Una manera muy fácil de mejorar esa situación es simplemente ordenar por radix sus componentes en función del ID / índice de la entidad que los posee. En ese momento obtienes algo como esto:
Y ese es un patrón de acceso mucho más amigable con la caché. No es perfecto ya que podemos ver que tenemos que omitir algunos componentes de renderizado y movimiento aquí y allá ya que nuestro sistema solo está interesado en entidades que tienen ambos , y algunas entidades solo tienen un componente de movimiento y algunas solo tienen un componente de renderizado. , pero al menos puede procesar algunos componentes contiguos (más en la práctica, por lo general, ya que a menudo adjuntará componentes relevantes de interés, como quizás más entidades en su sistema que tienen un componente de movimiento tendrán un componente de representación que no).
Lo más importante, una vez que los haya ordenado, no cargará datos en una región de memoria en una línea de caché solo para luego volver a cargarlos en un solo bucle.
Y esto no requiere un diseño extremadamente complejo, solo un pase de clasificación de radix de tiempo lineal de vez en cuando, tal vez después de que haya insertado y eliminado un grupo de componentes para un tipo de componente en particular, en ese momento puede marcarlo como necesita ser ordenado Una clasificación de radix implementada razonablemente (incluso puede paralelizarla, lo que hago) puede ordenar un millón de elementos en aproximadamente 6 ms en mi i7 quad-core, como se ejemplifica aquí:
Sorting 1000000 elements 32 times...
mt_sort_int: {0.203000 secs}
-- small result: [ 22 48 59 77 79 80 84 84 93 98 ]
mt_sort: {1.248000 secs}
-- small result: [ 22 48 59 77 79 80 84 84 93 98 ]
mt_radix_sort: {0.202000 secs}
-- small result: [ 22 48 59 77 79 80 84 84 93 98 ]
std::sort: {1.810000 secs}
-- small result: [ 22 48 59 77 79 80 84 84 93 98 ]
qsort: {2.777000 secs}
-- small result: [ 22 48 59 77 79 80 84 84 93 98 ]

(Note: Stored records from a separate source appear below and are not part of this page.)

(* Let $N\ge1$, $K\ge2$ be integers with $N$ divisible by $K$, put $m=N/K$, and let $\alpha\in[1,2]$. Let $\sigma$ be a mixed strategy of $\mathcal{B}_\alpha(N,K)$ such that either (a) for every battlefield $k$ the marginal $\sigma_k$ is the uniform distribution on the odd integers $\{1,3,\ldots,2m-1\}$, or (b) for every battlefield $k$ the marginal $\sigma_k$ is the uniform distribution on the even integers $\{0,2,\ldots,2m\}$. Then $\sigma$ is a symmetric equilibrium strategy of $\mathcal{B}_\alpha(N,K)$.
   Context: Fix integers $N\ge1$, $K\ge2$ and a real number $\alpha$. The Colonel Blotto game $\mathcal{B}_\alpha(N,K)$ is the two-player simultaneous-move game with players $A,B$, each with pure strategy set $S=\{s\in\{0,1,\ldots,N\}^K:\sum_{k=1}^K s_k=N\}$, in which the payoff of player $i$ at the pure profile $(s^i,s^{-i})$ is $\pi^i(s^i,s^{-i})=\sum_{k=1}^K\big(\mathbf 1[s^i_k>s^{-i}_k]+\tfrac{\alpha}{2}\mathbf 1[s^i_k=s^{-i}_k]\big)$. Mixed strategies are probability distributions on $S$, with expected payoffs under independent randomization. A symmetric equilibrium strategy is a mixed strategy $\sigma$ such that $(\sigma,\sigma)$ is a Nash equilibrium. For a mixed strategy $\sigma$ and battlefield $k$, the marginal $\sigma_k$ is the distribution of $s_k$ when $s\sim\sigma$. *)

theory Defs
  imports "HOL-Probability.Probability"
begin

definition blotto_pure :: "nat \<Rightarrow> nat \<Rightarrow> (nat \<Rightarrow> nat) set" where
  "blotto_pure N K = {s. (\<forall>k. K \<le> k \<longrightarrow> s k = 0) \<and> (\<Sum>k<K. s k) = N}"

definition blotto_payoff :: "real \<Rightarrow> nat \<Rightarrow> (nat \<Rightarrow> nat) \<Rightarrow> (nat \<Rightarrow> nat) \<Rightarrow> real" where
  "blotto_payoff \<alpha> K s t =
     (\<Sum>k<K. (if s k > t k then 1 else 0) + (\<alpha> / 2) * (if s k = t k then 1 else 0))"

definition blotto_mixed :: "nat \<Rightarrow> nat \<Rightarrow> (nat \<Rightarrow> nat) pmf set" where
  "blotto_mixed N K = {\<sigma>. set_pmf \<sigma> \<subseteq> blotto_pure N K}"

definition blotto_exp_payoff ::
  "real \<Rightarrow> nat \<Rightarrow> (nat \<Rightarrow> nat) pmf \<Rightarrow> (nat \<Rightarrow> nat) pmf \<Rightarrow> real" where
  "blotto_exp_payoff \<alpha> K \<sigma> \<tau> =
     measure_pmf.expectation (pair_pmf \<sigma> \<tau>) (\<lambda>(s, t). blotto_payoff \<alpha> K s t)"

text \<open>(\<sigma>, \<sigma>) is a Nash equilibrium: no player gains by a unilateral deviation to
  any mixed strategy (the game is symmetric, player A's and B's payoffs are given
  by the same function with the roles exchanged).\<close>
definition blotto_symmetric_eq :: "nat \<Rightarrow> nat \<Rightarrow> real \<Rightarrow> (nat \<Rightarrow> nat) pmf \<Rightarrow> bool" where
  "blotto_symmetric_eq N K \<alpha> \<sigma> \<longleftrightarrow>
     \<sigma> \<in> blotto_mixed N K \<and>
     (\<forall>\<tau> \<in> blotto_mixed N K.
        blotto_exp_payoff \<alpha> K \<tau> \<sigma> \<le> blotto_exp_payoff \<alpha> K \<sigma> \<sigma>)"

definition marginal :: "(nat \<Rightarrow> nat) pmf \<Rightarrow> nat \<Rightarrow> nat pmf" where
  "marginal \<sigma> k = map_pmf (\<lambda>s. s k) \<sigma>"

end

theory Submission
  imports Defs
begin

text \<open>Against \<sigma>, a pure strategy s earns \<open>\<Sum>k<K. F (s k)\<close>, where F is the expected
  payoff of a single battlefield against the uniform distribution on the progression
  e, e+2, ..., e+2(n-1) (with e = 1, n = m for odd marginals and e = 0, n = m+1 for even
  ones). For \<alpha> \<in> [1,2] one has F x \<le> (x - e + \<alpha>) / (2n), with equality when x lies on
  the progression. Summing this linear bound over the battlefields gives a constant, since
  every pure strategy allocates N in total. Hence no pure strategy earns more than this
  constant against \<sigma>, while every strategy in the support of \<sigma> earns exactly it.\<close>

definition battle_payoff :: "real \<Rightarrow> nat \<Rightarrow> nat \<Rightarrow> real" where
  "battle_payoff \<alpha> x y = (if x > y then 1 else 0) + (\<alpha> / 2) * (if x = y then 1 else 0)"

lemma blotto_payoff_eq_sum_battle_payoff:
  "blotto_payoff \<alpha> K s t = (\<Sum>k<K. battle_payoff \<alpha> (s k) (t k))"
  by (simp add: blotto_payoff_def battle_payoff_def)

lemma battle_payoff_nonneg: "0 \<le> \<alpha> \<Longrightarrow> 0 \<le> battle_payoff \<alpha> x y"
  by (simp add: battle_payoff_def)

lemma battle_payoff_le: "0 \<le> \<alpha> \<Longrightarrow> battle_payoff \<alpha> x y \<le> 1 + \<alpha>"
  by (simp add: battle_payoff_def)

lemma blotto_payoff_nonneg: "0 \<le> \<alpha> \<Longrightarrow> 0 \<le> blotto_payoff \<alpha> K s t"
  unfolding blotto_payoff_eq_sum_battle_payoff by (simp add: sum_nonneg battle_payoff_nonneg)

lemma blotto_payoff_le: "0 \<le> \<alpha> \<Longrightarrow> blotto_payoff \<alpha> K s t \<le> real K * (1 + \<alpha>)"
  unfolding blotto_payoff_eq_sum_battle_payoff
  using sum_bounded_above[of "{..<K}" "\<lambda>k. battle_payoff \<alpha> (s k) (t k)" "1 + \<alpha>"]
  by (simp add: battle_payoff_le)

lemma integrable_measure_pmf_bounded:
  fixes f :: "'a \<Rightarrow> real"
  assumes "\<And>x. \<bar>f x\<bar> \<le> C"
  shows "integrable (measure_pmf M) f"
  by (rule measure_pmf.integrable_const_bound[where B = C]) (use assms in auto)

lemma expectation_pair_pmf_iterated:
  fixes f :: "'a \<times> 'b \<Rightarrow> real"
  assumes nonneg: "\<And>p. 0 \<le> f p" and bounded: "\<And>p. f p \<le> C"
  shows "measure_pmf.expectation (pair_pmf M1 M2) f
       = measure_pmf.expectation M1 (\<lambda>a. measure_pmf.expectation M2 (\<lambda>b. f (a, b)))"
proof -
  have inner: "(\<integral>\<^sup>+b. ennreal (f (a, b)) \<partial>M2)
             = ennreal (measure_pmf.expectation M2 (\<lambda>b. f (a, b)))" for a
    by (rule nn_integral_eq_integral)
       (use nonneg bounded in \<open>auto intro: integrable_measure_pmf_bounded[where C = C]\<close>)
  have "measure_pmf.expectation (pair_pmf M1 M2) f
      = enn2real (\<integral>\<^sup>+a. \<integral>\<^sup>+b. ennreal (f (a, b)) \<partial>M2 \<partial>M1)"
    by (simp add: integral_eq_nn_integral nonneg nn_integral_pair_pmf')
  also have "\<dots> = enn2real (\<integral>\<^sup>+a. ennreal (measure_pmf.expectation M2 (\<lambda>b. f (a, b))) \<partial>M1)"
    by (simp add: inner)
  also have "\<dots> = measure_pmf.expectation M1 (\<lambda>a. measure_pmf.expectation M2 (\<lambda>b. f (a, b)))"
    by (simp add: integral_eq_nn_integral integral_nonneg_AE nonneg)
  finally show ?thesis .
qed

lemma blotto_exp_payoff_iterated:
  assumes "0 \<le> \<alpha>"
  shows "blotto_exp_payoff \<alpha> K \<tau> \<sigma>
       = measure_pmf.expectation \<tau> (\<lambda>s. measure_pmf.expectation \<sigma> (blotto_payoff \<alpha> K s))"
  unfolding blotto_exp_payoff_def
  by (subst expectation_pair_pmf_iterated[where C = "real K * (1 + \<alpha>)"])
     (auto simp: blotto_payoff_nonneg blotto_payoff_le assms)

lemma expectation_blotto_payoff_marginals:
  assumes "0 \<le> \<alpha>"
  shows "measure_pmf.expectation \<sigma> (blotto_payoff \<alpha> K s)
       = (\<Sum>k<K. measure_pmf.expectation (marginal \<sigma> k) (battle_payoff \<alpha> (s k)))"
proof -
  have "measure_pmf.expectation \<sigma> (blotto_payoff \<alpha> K s)
      = (\<Sum>k<K. measure_pmf.expectation \<sigma> (\<lambda>t. battle_payoff \<alpha> (s k) (t k)))"
    unfolding blotto_payoff_eq_sum_battle_payoff
    by (intro Bochner_Integration.integral_sum integrable_measure_pmf_bounded[where C = "1 + \<alpha>"])
       (simp add: assms battle_payoff_nonneg battle_payoff_le)
  then show ?thesis
    by (simp add: marginal_def)
qed

lemma blotto_symmetric_eqI:
  assumes "0 \<le> \<alpha>" and \<sigma>: "\<sigma> \<in> blotto_mixed N K"
    and le: "\<And>s. s \<in> blotto_pure N K \<Longrightarrow> measure_pmf.expectation \<sigma> (blotto_payoff \<alpha> K s) \<le> v"
    and eq: "\<And>s. s \<in> set_pmf \<sigma> \<Longrightarrow> measure_pmf.expectation \<sigma> (blotto_payoff \<alpha> K s) = v"
  shows "blotto_symmetric_eq N K \<alpha> \<sigma>"
proof -
  have bounded: "\<bar>measure_pmf.expectation \<sigma> (blotto_payoff \<alpha> K s)\<bar> \<le> real K * (1 + \<alpha>)" for s
    using \<open>0 \<le> \<alpha>\<close> blotto_payoff_nonneg blotto_payoff_le
    by (auto intro!: integral_nonneg_AE measure_pmf.integral_le_const
        integrable_measure_pmf_bounded[where C = "real K * (1 + \<alpha>)"])
  have deviation: "blotto_exp_payoff \<alpha> K \<tau> \<sigma> \<le> v" if \<tau>: "\<tau> \<in> blotto_mixed N K" for \<tau>
  proof -
    have "measure_pmf.expectation \<tau> (\<lambda>s. measure_pmf.expectation \<sigma> (blotto_payoff \<alpha> K s))
        \<le> measure_pmf.expectation \<tau> (\<lambda>_. v)"
      using \<tau> le
      by (intro integral_mono_AE integrable_measure_pmf_bounded[where C = "real K * (1 + \<alpha>)", OF bounded])
         (auto simp: AE_measure_pmf_iff blotto_mixed_def)
    then show ?thesis
      by (simp add: blotto_exp_payoff_iterated \<open>0 \<le> \<alpha>\<close>)
  qed
  have "blotto_exp_payoff \<alpha> K \<sigma> \<sigma> = measure_pmf.expectation \<sigma> (\<lambda>_. v)"
    unfolding blotto_exp_payoff_iterated[OF \<open>0 \<le> \<alpha>\<close>]
    by (intro integral_cong_AE) (auto simp: AE_measure_pmf_iff eq)
  then show ?thesis
    unfolding blotto_symmetric_eq_def using \<sigma> deviation by simp
qed

text \<open>The bound \<open>2 * real n\<close> is only there to make the induction go through: when x
  exceeds every point of the progression it is the sharper of the two.\<close>
lemma sum_battle_payoff_progression_le:
  assumes "1 \<le> \<alpha>" "\<alpha> \<le> 2" "e \<le> 1"
  shows "2 * (\<Sum>i<n. battle_payoff \<alpha> x (2 * i + e)) \<le> min (2 * real n) (real x - real e + \<alpha>)"
proof (induction n)
  case 0
  then show ?case using assms by simp
next
  case (Suc n)
  consider "x > 2 * n + e" | "x = 2 * n + e" | "x < 2 * n + e" by linarith
  then show ?case
    by cases (use Suc assms in \<open>auto simp: battle_payoff_def\<close>)
qed

lemma sum_battle_payoff_progression_eq:
  "(\<Sum>i<n. battle_payoff \<alpha> (2 * j + e) (2 * i + e)) = (if n \<le> j then real n else real j + \<alpha> / 2)"
proof (induction n)
  case 0
  then show ?case by simp
next
  case (Suc n)
  consider "n < j" | "n = j" | "n > j" by linarith
  then show ?case
    by cases (use Suc in \<open>auto simp: battle_payoff_def\<close>)
qed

Lo anterior es ordenar un millón de elementos 32 veces (incluido el tiempo de memcpy
resultados antes y después de la clasificación). Y supongo que la mayoría de las veces en realidad no tendrá más de un millón de componentes para clasificar, por lo que debería poder colarse fácilmente aquí y allá sin causar ningún tartamudeo notable de la velocidad de fotogramas.